Assigned task >> Below are some entries. Repeat exactly the lines from the one with "text \<open>The theorem" through the one with "obtain G where", and only those.

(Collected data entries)
------

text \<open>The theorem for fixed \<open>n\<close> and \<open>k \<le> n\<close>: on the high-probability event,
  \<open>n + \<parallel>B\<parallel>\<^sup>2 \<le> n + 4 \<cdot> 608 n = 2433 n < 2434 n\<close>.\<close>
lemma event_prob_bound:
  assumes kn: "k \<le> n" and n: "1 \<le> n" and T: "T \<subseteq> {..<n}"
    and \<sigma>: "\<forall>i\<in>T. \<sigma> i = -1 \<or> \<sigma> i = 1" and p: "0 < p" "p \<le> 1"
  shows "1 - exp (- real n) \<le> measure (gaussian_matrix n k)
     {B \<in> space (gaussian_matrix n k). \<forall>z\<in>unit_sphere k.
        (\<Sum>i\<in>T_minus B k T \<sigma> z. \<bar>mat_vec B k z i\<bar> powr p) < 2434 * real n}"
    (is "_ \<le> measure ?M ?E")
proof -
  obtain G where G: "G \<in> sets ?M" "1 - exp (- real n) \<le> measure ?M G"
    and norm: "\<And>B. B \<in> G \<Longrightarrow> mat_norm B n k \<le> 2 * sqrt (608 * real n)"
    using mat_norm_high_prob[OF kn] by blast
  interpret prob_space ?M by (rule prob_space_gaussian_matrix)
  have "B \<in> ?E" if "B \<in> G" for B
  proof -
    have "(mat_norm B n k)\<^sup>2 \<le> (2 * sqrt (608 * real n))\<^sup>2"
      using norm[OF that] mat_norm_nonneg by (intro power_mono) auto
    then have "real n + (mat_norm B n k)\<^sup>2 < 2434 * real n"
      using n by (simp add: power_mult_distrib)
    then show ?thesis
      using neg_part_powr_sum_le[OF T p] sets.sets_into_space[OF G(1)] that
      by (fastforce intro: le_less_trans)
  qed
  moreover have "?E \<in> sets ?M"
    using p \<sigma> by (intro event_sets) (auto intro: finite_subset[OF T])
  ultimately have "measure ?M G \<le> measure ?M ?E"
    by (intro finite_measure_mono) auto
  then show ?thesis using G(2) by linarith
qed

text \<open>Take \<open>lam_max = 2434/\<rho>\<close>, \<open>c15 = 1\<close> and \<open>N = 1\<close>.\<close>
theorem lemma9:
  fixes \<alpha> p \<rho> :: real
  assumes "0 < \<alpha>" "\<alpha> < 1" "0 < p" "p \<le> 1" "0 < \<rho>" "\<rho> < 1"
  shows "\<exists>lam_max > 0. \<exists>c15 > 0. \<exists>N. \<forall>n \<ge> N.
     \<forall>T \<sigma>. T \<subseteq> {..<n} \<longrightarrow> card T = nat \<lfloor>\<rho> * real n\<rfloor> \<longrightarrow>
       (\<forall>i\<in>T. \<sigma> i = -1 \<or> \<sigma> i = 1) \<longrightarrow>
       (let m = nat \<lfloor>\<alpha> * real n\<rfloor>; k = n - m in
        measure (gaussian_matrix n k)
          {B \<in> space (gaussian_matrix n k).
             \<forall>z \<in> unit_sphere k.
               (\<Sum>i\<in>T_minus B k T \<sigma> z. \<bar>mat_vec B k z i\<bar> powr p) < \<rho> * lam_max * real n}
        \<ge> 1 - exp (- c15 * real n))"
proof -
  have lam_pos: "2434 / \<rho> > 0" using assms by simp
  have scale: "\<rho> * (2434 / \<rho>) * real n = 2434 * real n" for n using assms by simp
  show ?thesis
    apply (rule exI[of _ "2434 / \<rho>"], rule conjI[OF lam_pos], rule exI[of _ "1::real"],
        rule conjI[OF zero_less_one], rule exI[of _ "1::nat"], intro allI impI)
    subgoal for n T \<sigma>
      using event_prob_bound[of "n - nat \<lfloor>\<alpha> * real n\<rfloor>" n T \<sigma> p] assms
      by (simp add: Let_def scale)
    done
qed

------

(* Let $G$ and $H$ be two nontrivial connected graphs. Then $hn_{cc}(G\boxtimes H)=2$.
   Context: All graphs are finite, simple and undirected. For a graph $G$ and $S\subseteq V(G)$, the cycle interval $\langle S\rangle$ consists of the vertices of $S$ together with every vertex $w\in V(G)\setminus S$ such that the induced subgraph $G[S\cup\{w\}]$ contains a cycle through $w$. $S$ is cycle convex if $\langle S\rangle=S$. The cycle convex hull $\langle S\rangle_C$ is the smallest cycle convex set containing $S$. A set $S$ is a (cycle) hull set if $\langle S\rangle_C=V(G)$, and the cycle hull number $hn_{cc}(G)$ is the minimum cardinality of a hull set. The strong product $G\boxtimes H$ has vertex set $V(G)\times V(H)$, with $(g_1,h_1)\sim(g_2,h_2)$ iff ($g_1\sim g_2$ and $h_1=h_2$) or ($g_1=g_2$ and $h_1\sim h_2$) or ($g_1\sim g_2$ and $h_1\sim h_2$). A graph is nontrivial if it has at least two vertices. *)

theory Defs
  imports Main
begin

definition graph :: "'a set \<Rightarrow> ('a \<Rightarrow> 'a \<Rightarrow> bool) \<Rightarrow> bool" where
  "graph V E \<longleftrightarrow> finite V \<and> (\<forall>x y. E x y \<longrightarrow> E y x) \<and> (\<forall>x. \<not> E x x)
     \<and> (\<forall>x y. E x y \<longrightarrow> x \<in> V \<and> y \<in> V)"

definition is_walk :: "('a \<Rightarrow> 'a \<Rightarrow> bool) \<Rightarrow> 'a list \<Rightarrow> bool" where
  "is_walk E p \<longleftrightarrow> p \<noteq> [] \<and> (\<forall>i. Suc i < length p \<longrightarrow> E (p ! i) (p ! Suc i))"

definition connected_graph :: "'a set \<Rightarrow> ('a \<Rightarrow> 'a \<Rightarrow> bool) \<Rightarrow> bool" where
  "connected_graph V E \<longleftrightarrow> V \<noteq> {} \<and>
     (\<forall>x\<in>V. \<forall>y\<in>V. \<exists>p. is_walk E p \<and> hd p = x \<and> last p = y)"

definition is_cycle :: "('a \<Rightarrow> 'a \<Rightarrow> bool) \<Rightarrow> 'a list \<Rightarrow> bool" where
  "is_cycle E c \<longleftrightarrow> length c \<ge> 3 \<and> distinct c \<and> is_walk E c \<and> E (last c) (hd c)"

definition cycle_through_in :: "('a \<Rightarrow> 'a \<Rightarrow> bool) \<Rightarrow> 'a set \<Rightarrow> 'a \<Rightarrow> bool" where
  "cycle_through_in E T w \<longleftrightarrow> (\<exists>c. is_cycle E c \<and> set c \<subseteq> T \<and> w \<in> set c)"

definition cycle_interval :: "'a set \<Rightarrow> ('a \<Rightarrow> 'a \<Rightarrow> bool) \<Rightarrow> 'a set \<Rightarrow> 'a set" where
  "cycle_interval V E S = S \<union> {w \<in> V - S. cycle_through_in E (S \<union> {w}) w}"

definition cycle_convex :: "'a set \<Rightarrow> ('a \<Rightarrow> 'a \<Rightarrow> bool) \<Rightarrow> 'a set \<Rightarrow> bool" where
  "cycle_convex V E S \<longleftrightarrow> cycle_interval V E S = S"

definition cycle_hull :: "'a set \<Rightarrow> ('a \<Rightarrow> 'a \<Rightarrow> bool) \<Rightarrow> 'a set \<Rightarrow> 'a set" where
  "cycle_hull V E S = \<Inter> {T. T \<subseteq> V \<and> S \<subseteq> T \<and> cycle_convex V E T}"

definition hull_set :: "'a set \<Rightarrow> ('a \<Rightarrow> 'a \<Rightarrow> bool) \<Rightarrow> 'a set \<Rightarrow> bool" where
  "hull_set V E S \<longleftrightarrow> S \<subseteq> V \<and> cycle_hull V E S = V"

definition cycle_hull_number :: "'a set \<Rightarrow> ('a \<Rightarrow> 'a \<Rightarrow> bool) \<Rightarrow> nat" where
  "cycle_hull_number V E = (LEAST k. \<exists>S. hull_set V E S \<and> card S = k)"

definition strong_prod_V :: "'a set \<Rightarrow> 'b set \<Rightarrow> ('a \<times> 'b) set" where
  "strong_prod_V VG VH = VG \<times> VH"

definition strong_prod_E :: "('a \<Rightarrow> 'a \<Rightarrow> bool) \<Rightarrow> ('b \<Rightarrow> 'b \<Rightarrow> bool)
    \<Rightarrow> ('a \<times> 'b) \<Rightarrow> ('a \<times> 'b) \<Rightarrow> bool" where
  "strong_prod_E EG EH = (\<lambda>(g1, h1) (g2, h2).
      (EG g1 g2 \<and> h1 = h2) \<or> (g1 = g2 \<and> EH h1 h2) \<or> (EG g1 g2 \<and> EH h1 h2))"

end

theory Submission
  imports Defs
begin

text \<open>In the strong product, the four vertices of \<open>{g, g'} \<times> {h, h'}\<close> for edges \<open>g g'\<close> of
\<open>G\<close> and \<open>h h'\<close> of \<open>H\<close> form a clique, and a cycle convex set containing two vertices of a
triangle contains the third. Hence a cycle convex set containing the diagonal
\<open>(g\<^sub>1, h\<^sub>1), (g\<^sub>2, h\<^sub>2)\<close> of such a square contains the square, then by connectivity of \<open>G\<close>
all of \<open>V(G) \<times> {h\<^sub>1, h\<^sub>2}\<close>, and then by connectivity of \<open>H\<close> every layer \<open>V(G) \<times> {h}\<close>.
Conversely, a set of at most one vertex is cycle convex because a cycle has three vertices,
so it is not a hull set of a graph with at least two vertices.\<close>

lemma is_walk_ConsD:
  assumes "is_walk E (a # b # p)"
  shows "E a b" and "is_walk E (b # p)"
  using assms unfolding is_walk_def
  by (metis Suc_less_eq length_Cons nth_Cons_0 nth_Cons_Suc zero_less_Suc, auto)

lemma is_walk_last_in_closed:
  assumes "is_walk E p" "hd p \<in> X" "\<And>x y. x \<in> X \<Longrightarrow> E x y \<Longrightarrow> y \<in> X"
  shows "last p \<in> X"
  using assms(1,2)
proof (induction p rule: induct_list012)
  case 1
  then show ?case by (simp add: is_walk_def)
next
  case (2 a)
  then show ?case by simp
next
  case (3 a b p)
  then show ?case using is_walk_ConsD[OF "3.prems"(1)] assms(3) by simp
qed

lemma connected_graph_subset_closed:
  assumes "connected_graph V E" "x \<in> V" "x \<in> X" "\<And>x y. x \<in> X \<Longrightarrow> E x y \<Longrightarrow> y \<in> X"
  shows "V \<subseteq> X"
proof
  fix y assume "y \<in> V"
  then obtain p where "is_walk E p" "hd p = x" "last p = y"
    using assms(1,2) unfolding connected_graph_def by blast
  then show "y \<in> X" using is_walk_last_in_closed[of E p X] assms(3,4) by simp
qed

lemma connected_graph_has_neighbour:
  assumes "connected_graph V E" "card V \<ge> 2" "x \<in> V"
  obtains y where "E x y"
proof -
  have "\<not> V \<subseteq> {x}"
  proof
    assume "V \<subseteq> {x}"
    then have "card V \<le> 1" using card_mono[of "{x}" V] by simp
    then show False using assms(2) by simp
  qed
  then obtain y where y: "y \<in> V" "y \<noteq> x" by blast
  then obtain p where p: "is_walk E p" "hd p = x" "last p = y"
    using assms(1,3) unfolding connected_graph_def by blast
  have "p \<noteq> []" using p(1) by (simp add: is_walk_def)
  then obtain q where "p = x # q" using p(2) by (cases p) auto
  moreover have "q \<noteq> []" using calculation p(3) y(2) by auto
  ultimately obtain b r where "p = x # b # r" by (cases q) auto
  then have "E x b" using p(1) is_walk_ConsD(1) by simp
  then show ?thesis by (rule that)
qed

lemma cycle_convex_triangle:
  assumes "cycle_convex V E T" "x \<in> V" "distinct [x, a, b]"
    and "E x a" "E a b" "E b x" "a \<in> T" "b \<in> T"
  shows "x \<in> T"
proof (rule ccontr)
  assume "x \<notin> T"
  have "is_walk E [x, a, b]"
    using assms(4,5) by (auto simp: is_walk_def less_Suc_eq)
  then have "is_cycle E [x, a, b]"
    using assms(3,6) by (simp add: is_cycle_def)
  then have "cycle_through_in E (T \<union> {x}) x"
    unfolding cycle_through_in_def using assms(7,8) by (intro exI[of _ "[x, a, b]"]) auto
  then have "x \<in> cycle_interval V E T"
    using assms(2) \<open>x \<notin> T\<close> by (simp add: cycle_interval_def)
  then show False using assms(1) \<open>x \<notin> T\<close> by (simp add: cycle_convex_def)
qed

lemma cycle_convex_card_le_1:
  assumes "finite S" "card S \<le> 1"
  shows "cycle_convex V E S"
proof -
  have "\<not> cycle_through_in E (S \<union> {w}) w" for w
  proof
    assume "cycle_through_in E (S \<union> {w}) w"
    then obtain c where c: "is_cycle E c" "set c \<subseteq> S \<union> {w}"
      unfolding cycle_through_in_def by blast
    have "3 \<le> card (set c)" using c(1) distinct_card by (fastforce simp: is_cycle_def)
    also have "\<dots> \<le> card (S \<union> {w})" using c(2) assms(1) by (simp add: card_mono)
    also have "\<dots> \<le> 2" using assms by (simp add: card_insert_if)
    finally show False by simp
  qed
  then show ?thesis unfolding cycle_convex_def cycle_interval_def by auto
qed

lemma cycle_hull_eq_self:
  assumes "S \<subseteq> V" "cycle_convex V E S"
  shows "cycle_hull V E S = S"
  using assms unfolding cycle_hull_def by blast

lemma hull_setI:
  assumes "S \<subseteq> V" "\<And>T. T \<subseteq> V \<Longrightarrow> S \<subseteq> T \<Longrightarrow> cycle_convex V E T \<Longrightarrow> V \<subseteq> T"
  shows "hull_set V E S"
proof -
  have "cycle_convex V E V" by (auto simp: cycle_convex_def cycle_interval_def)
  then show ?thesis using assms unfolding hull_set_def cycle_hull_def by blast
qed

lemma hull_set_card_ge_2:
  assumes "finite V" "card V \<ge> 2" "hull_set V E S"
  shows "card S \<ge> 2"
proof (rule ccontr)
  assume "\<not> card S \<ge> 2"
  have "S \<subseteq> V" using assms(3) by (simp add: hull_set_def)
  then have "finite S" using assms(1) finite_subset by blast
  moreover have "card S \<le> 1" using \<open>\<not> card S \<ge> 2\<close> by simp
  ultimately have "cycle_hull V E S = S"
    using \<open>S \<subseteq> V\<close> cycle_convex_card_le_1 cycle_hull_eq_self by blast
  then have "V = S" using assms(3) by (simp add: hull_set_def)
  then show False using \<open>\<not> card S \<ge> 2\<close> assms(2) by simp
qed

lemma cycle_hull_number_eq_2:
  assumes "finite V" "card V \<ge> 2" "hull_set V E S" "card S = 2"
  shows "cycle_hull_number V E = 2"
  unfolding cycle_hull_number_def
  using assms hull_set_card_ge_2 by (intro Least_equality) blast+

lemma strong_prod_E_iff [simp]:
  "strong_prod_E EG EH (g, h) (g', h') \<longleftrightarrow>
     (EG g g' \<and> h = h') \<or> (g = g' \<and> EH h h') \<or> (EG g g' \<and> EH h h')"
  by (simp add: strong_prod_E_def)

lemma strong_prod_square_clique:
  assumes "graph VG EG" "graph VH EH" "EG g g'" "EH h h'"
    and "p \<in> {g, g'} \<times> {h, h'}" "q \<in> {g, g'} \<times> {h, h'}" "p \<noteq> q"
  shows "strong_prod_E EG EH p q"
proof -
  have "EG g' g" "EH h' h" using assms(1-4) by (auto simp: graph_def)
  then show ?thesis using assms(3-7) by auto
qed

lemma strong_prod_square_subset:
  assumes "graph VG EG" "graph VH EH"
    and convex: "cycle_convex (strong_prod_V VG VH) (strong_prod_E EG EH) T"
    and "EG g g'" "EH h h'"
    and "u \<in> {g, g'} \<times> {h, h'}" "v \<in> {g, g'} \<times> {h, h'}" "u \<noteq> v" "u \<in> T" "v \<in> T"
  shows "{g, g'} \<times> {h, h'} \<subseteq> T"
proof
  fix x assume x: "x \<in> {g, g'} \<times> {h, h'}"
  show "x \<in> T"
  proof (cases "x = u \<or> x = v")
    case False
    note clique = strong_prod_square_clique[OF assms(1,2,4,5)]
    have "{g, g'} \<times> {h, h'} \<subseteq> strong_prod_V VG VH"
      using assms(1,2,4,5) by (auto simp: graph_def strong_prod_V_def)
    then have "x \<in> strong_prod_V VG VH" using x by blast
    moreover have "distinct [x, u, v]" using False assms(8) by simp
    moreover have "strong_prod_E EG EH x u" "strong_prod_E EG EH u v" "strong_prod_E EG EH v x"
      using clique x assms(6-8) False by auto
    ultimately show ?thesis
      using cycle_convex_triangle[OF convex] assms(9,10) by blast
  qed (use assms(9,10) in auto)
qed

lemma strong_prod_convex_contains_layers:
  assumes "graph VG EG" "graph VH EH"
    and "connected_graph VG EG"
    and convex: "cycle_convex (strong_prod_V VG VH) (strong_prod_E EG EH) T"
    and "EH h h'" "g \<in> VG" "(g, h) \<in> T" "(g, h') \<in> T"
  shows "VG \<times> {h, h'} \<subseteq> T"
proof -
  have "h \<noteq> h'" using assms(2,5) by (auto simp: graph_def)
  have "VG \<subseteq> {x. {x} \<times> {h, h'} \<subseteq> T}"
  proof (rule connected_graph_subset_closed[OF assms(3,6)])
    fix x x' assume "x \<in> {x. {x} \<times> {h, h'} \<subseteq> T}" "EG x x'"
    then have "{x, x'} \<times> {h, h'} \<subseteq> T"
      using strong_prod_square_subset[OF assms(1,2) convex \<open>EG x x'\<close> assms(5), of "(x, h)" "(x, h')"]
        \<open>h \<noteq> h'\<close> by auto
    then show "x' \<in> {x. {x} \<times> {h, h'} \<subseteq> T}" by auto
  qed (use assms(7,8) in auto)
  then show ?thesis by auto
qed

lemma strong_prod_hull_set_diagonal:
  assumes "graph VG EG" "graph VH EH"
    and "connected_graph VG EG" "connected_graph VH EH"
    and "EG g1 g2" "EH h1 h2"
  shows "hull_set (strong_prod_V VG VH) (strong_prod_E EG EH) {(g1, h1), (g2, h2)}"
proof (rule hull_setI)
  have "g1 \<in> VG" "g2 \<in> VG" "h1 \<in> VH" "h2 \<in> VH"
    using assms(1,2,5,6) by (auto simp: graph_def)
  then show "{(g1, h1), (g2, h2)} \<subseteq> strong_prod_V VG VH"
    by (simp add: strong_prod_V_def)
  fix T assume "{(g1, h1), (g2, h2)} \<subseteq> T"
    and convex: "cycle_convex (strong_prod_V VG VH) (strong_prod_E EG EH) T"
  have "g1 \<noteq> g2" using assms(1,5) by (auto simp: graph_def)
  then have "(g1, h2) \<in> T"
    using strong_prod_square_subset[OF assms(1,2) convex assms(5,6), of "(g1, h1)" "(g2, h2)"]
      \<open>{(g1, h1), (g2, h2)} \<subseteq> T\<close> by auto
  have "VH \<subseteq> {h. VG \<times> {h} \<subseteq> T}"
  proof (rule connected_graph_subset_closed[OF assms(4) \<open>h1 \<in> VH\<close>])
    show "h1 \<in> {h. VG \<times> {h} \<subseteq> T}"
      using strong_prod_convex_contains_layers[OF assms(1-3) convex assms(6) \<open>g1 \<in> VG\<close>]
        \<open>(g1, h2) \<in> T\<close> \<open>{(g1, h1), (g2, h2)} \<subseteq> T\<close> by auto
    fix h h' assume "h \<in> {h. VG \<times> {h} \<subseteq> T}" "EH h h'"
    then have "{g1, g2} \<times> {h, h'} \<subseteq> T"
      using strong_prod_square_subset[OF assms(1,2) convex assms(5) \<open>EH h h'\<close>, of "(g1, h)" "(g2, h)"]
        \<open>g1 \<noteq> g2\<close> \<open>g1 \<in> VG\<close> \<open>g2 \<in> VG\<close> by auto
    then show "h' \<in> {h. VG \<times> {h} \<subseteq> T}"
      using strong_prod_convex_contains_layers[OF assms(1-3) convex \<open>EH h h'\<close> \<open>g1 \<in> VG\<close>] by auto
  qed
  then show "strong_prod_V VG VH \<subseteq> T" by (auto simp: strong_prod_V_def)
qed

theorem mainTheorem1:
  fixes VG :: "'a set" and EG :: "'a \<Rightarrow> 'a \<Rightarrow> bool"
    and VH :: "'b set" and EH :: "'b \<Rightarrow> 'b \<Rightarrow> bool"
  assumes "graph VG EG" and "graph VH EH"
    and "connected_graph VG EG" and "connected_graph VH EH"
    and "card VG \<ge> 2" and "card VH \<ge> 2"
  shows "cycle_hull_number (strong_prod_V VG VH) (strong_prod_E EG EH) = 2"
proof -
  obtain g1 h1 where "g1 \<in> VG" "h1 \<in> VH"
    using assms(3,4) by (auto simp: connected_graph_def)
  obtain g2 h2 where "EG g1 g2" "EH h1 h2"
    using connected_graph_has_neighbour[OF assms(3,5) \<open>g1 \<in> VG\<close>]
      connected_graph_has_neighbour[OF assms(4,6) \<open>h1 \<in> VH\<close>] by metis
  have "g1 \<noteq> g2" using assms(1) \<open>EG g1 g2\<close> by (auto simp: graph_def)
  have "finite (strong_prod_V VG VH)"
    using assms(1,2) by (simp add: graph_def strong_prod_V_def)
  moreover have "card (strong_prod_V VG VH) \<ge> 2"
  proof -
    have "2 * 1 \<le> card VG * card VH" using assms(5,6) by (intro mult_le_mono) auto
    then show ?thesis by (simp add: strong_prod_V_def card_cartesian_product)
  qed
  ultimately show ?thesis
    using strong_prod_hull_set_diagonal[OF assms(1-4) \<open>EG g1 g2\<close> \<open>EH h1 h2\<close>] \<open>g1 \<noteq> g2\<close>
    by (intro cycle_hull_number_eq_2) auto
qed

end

------

Finished task >>
text \<open>The theorem for fixed \<open>n\<close> and \<open>k \<le> n\<close>: on the high-probability event,
  \<open>n + \<parallel>B\<parallel>\<^sup>2 \<le> n + 4 \<cdot> 608 n = 2433 n < 2434 n\<close>.\<close>
lemma event_prob_bound:
  assumes kn: "k \<le> n" and n: "1 \<le> n" and T: "T \<subseteq> {..<n}"
    and \<sigma>: "\<forall>i\<in>T. \<sigma> i = -1 \<or> \<sigma> i = 1" and p: "0 < p" "p \<le> 1"
  shows "1 - exp (- real n) \<le> measure (gaussian_matrix n k)
     {B \<in> space (gaussian_matrix n k). \<forall>z\<in>unit_sphere k.
        (\<Sum>i\<in>T_minus B k T \<sigma> z. \<bar>mat_vec B k z i\<bar> powr p) < 2434 * real n}"
    (is "_ \<le> measure ?M ?E")
proof -
  obtain G where G: "G \<in> sets ?M" "1 - exp (- real n) \<le> measure ?M G"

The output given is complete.